Анна юркнула в комнату, открыла шкаф и, схватив трусики, в одно мгновение натянула их на себя. А брошенную на кровать пижаму запихнула под подушку. Потом послушала, как хозяйничает на кухне поздний гость, — послышался звон рюмок, — она не стерпела, открыла дрожащими пальцами заветную коробочку, достала флакончик — настоящее сокровище! — и подушилась. Запах показался очень сильным, он словно заполнил всю квартиру. И Анна замахала перед лицом ладошкой, надеясь, что хоть немного первый резко-насыщенный запах рассеется, оставив ту необходимую устойчивую гамму нежного, элитного аромата, ради которого и платятся немыслимые деньги.
«Ах, не накрашена!» — Анна посмотрелась в зеркало в прихожей. Лицо ее было бледно и под глазами — круги. И волосы не помыла… Какая есть, никто его не звал.
Они выпили по рюмке, заели лимонными дольками с сахаром: предусмотрительный Яков, оказывается, и лимончик припас. Строгое, скуластое лицо гостя со слегка небритым подбородком, покраснело, словно под кожей играл огонь. Ладная широкоплечая фигура спортсмена и ярко блеснувший при сдержанной улыбке золотой зуб — это у секретаря комитета комсомола! — от всего его облика веяло мужественностью и серьёзностью.
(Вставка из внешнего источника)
lemma hopf_moebius_substitution_factor:
  fixes D y :: real
  assumes D: "0 < D" "D < 2" and "0 < cos y"
  shows "(4 - D\<^sup>2) * cos y / (2 - D * sin y)\<^sup>2 / (sqrt (4 - D\<^sup>2) * cos y / (2 - D * sin y))
           * hopf_reduced_integrand D (hopf_moebius_map D y)
         = 1 / 2 * (1 / sqrt (1 - (1 - D\<^sup>2 / 2)\<^sup>2 * (sin y)\<^sup>2))"
proof -
  have cancel: "X * C / N\<^sup>2 / (sqrt X * C / N) * (N / (2 * sqrt X * Q)) = 1 / 2 * (1 / Q)"
    if "X > 0" "C > 0" "N > 0" "Q > 0" for X C N Q :: real
    using that by (simp add: field_simps power2_eq_square)
  have "D\<^sup>2 < 4"
    using D by (simp add: power_strict_mono[of D 2 2, simplified])
  moreover have "(1 - D\<^sup>2 / 2)\<^sup>2 < 1"
    using hopf_modulus_bound[OF D] by (simp add: abs_square_less_1)
  ultimately show ?thesis
    unfolding hopf_reduced_integrand_moebius_map[OF D]
    by (intro cancel) (use \<open>0 < cos y\<close> hopf_moebius_denominator_pos[OF D, of y]
        ellipK_radicand_pos[OF _ abs_sin_le_one] in simp_all)
qed

lemma integral_hopf_reduced_integrand_eq_ellipK:
  fixes D :: real
  assumes D: "0 < D" "D < 2"
  shows "integral {-(pi/2)..pi/2} (\<lambda>t. hopf_reduced_integrand D (sin t)) = ellipK ((1 - D\<^sup>2 / 2)\<^sup>2)"
proof -
  define q where "q = (1 - D\<^sup>2 / 2)\<^sup>2"
  have "D\<^sup>2 < 4"
    using D by (simp add: power_strict_mono[of D 2 2, simplified])
  have q: "q < 1"
    unfolding q_def using hopf_modulus_bound[OF D] by (simp add: abs_square_less_1)
  have "((\<lambda>y. 1 / 2 * (1 / sqrt (1 - q * (sin y)\<^sup>2))) has_integral
          integral {arcsin (hopf_moebius_map D (-(pi/2)))..arcsin (hopf_moebius_map D (pi/2))}
            (\<lambda>t. hopf_reduced_integrand D (sin t))) {-(pi/2)..pi/2}"
  proof (rule has_integral_arcsin_substitution[OF _ _ _ one_minus_hopf_moebius_map_sq[OF D] _
        hopf_moebius_map_has_derivative[OF D] continuous_on_hopf_reduced_integrand[OF D]])
    show "continuous_on {-(pi/2)..pi/2} (hopf_moebius_map D)"
      unfolding hopf_moebius_map_def using hopf_moebius_denominator_pos[OF D]
      by (intro continuous_intros) (auto simp: less_imp_neq[symmetric])
    show "0 < sqrt (4 - D\<^sup>2) * cos y / (2 - D * sin y)" if "y \<in> {-(pi/2)<..<pi/2}" for y
    proof -
      have "0 < cos y" using that by (auto intro: cos_gt_zero_pi)
      then show ?thesis using \<open>D\<^sup>2 < 4\<close> hopf_moebius_denominator_pos[OF D, of y] by simp
    qed
    show "1 / 2 * (1 / sqrt (1 - q * (sin y)\<^sup>2)) =
        (4 - D\<^sup>2) * cos y / (2 - D * sin y)\<^sup>2 / (sqrt (4 - D\<^sup>2) * cos y / (2 - D * sin y))
        * hopf_reduced_integrand D (hopf_moebius_map D y)" if "y \<in> {-(pi/2)<..<pi/2}" for y
      unfolding q_def using that
      by (intro hopf_moebius_substitution_factor[OF D cos_gt_zero_pi, symmetric]) auto
  qed (use D in \<open>auto simp: hopf_moebius_map_def\<close>)
  moreover have "hopf_moebius_map D (-(pi/2)) = -1" "hopf_moebius_map D (pi/2) = 1"
    using D by (simp_all add: hopf_moebius_map_def field_simps)
  ultimately have "integral {-(pi/2)..pi/2} (\<lambda>t. hopf_reduced_integrand D (sin t))
      = integral {-(pi/2)..pi/2} (\<lambda>y. 1 / 2 * (1 / sqrt (1 - q * (sin y)\<^sup>2)))"
    by (simp add: integral_unique)
  also have "\<dots> = 1 / 2 * (2 * ellipK q)"
    unfolding integral_mult_right integral_symmetric_eq_ellipK[OF q] ..
  also have "\<dots> = ellipK q"
    by simp
  finally show ?thesis unfolding q_def .
qed

lemma cross_energy_eq_ellipK:
  fixes D :: real
  assumes "0 < D" "D < 2"
  shows "cross_energy D = 8 * pi * ellipK ((1 - D\<^sup>2 / 2)\<^sup>2)"
  using cross_energy_eq_integral_reduced[OF assms]
    integral_hopf_reduced_integrand_eq_ellipK[OF assms]
  by simp

lemma hopf_parameter_eq_landen:
  fixes D :: real
  shows "- 8 * (D\<^sup>2 - 2) / (D\<^sup>2 - 4)\<^sup>2 = 4 * (1 - D\<^sup>2 / 2) / (1 + (1 - D\<^sup>2 / 2))\<^sup>2"
proof -
  have denominator: "(1 + (1 - D\<^sup>2 / 2))\<^sup>2 = (D\<^sup>2 - 4)\<^sup>2 / 4"
    by (simp add: power2_eq_square field_simps)
  have "4 * (1 - D\<^sup>2 / 2) / ((D\<^sup>2 - 4)\<^sup>2 / 4) = - 8 * (D\<^sup>2 - 2) / (D\<^sup>2 - 4)\<^sup>2"
    by (simp add: algebra_simps)
  then show ?thesis
    unfolding denominator by (rule sym)
qed

lemma hopf_parameter_less_one:
  fixes D :: real
  assumes "0 < D" "D < 2"
  shows "- 8 * (D\<^sup>2 - 2) / (D\<^sup>2 - 4)\<^sup>2 < 1"
  unfolding hopf_parameter_eq_landen
  by (rule landen_parameter_less_one[OF hopf_modulus_bound[OF assms]])

lemma cross_energy_closed_form:
  fixes D :: real
  assumes D: "0 < D" "D < 2"
  shows "cross_energy D = 16 * pi / (4 - D\<^sup>2) * ellipK (- 8 * (D\<^sup>2 - 2) / (D\<^sup>2 - 4)\<^sup>2)"
proof -
  define k where "k = 1 - D\<^sup>2 / 2"
  have k: "\<bar>k\<bar> < 1"
    unfolding k_def using hopf_modulus_bound[OF D] .
  have four_minus: "4 - D\<^sup>2 = 2 * (1 + k)" and "0 < 1 + k"
    using k by (auto simp: k_def)
  show ?thesis
    unfolding hopf_parameter_eq_landen cross_energy_eq_ellipK[OF D] k_def[symmetric]
      ellipK_landen[OF k] four_minus
    using \<open>0 < 1 + k\<close> by (simp add: field_simps)
qed

lemma cross_energy_sqrt_2: "cross_energy (sqrt 2) = 4 * pi\<^sup>2"
proof -
  have "0 < sqrt (2::real)" "sqrt (2::real) < 2"
    using real_sqrt_less_iff[of 2 4] by auto
  then show ?thesis
    using cross_energy_eq_ellipK by (simp add: ellipK_zero power2_eq_square)
qed

lemma cross_energy_ge_four_pi_sq:
  fixes D :: real
  assumes D: "0 < D" "D < 2"
  shows "4 * pi\<^sup>2 \<le> cross_energy D"
proof -
  have "pi / 2 \<le> ellipK ((1 - D\<^sup>2 / 2)\<^sup>2)"
    using hopf_modulus_bound[OF D] by (intro ellipK_ge_pi_half) (auto simp: abs_square_less_1)
  then show ?thesis
    unfolding cross_energy_eq_ellipK[OF D] by (simp add: power2_eq_square)
qed

theorem mainTheorem1:
  shows "(\<forall>D::real. 0 < D \<and> D < 2 \<longrightarrow>
            hopf_integrand D integrable_on ({0..2*pi} \<times> {0..2*pi})
          \<and> - 8 * (D\<^sup>2 - 2) / (D\<^sup>2 - 4)\<^sup>2 < 1
          \<and> cross_energy D = 16 * pi / (4 - D\<^sup>2) * ellipK (- 8 * (D\<^sup>2 - 2) / (D\<^sup>2 - 4)\<^sup>2))
       \<and> (\<forall>D::real. 0 < D \<and> D < 2 \<longrightarrow> cross_energy (sqrt 2) \<le> cross_energy D)
       \<and> cross_energy (sqrt 2) = 4 * pi\<^sup>2"
  using hopf_integrand_integrable hopf_parameter_less_one cross_energy_closed_form
    cross_energy_sqrt_2 cross_energy_ge_four_pi_sq
  by auto

end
— Что за праздник? — спросила она, придерживая ворот халатика, чтоб не распахнулся.
— Мне удалось уговорить директора прикрепить за мной «Волгу». Теперь не нужно клянчить в парткоме по любому поводу. Партия, конечно, — наш рулевой, но учиться рулить — задача молодежи.
Он уверенно стоял на ногах, этот человек, и прочно держал свое место в жизни, свой сегмент, свой пятачок. Неоспоримых мужских достоинств в нем было явно и убедительно больше, чем в Никите. А старше Никиты Яков был всего лишь на пару лет.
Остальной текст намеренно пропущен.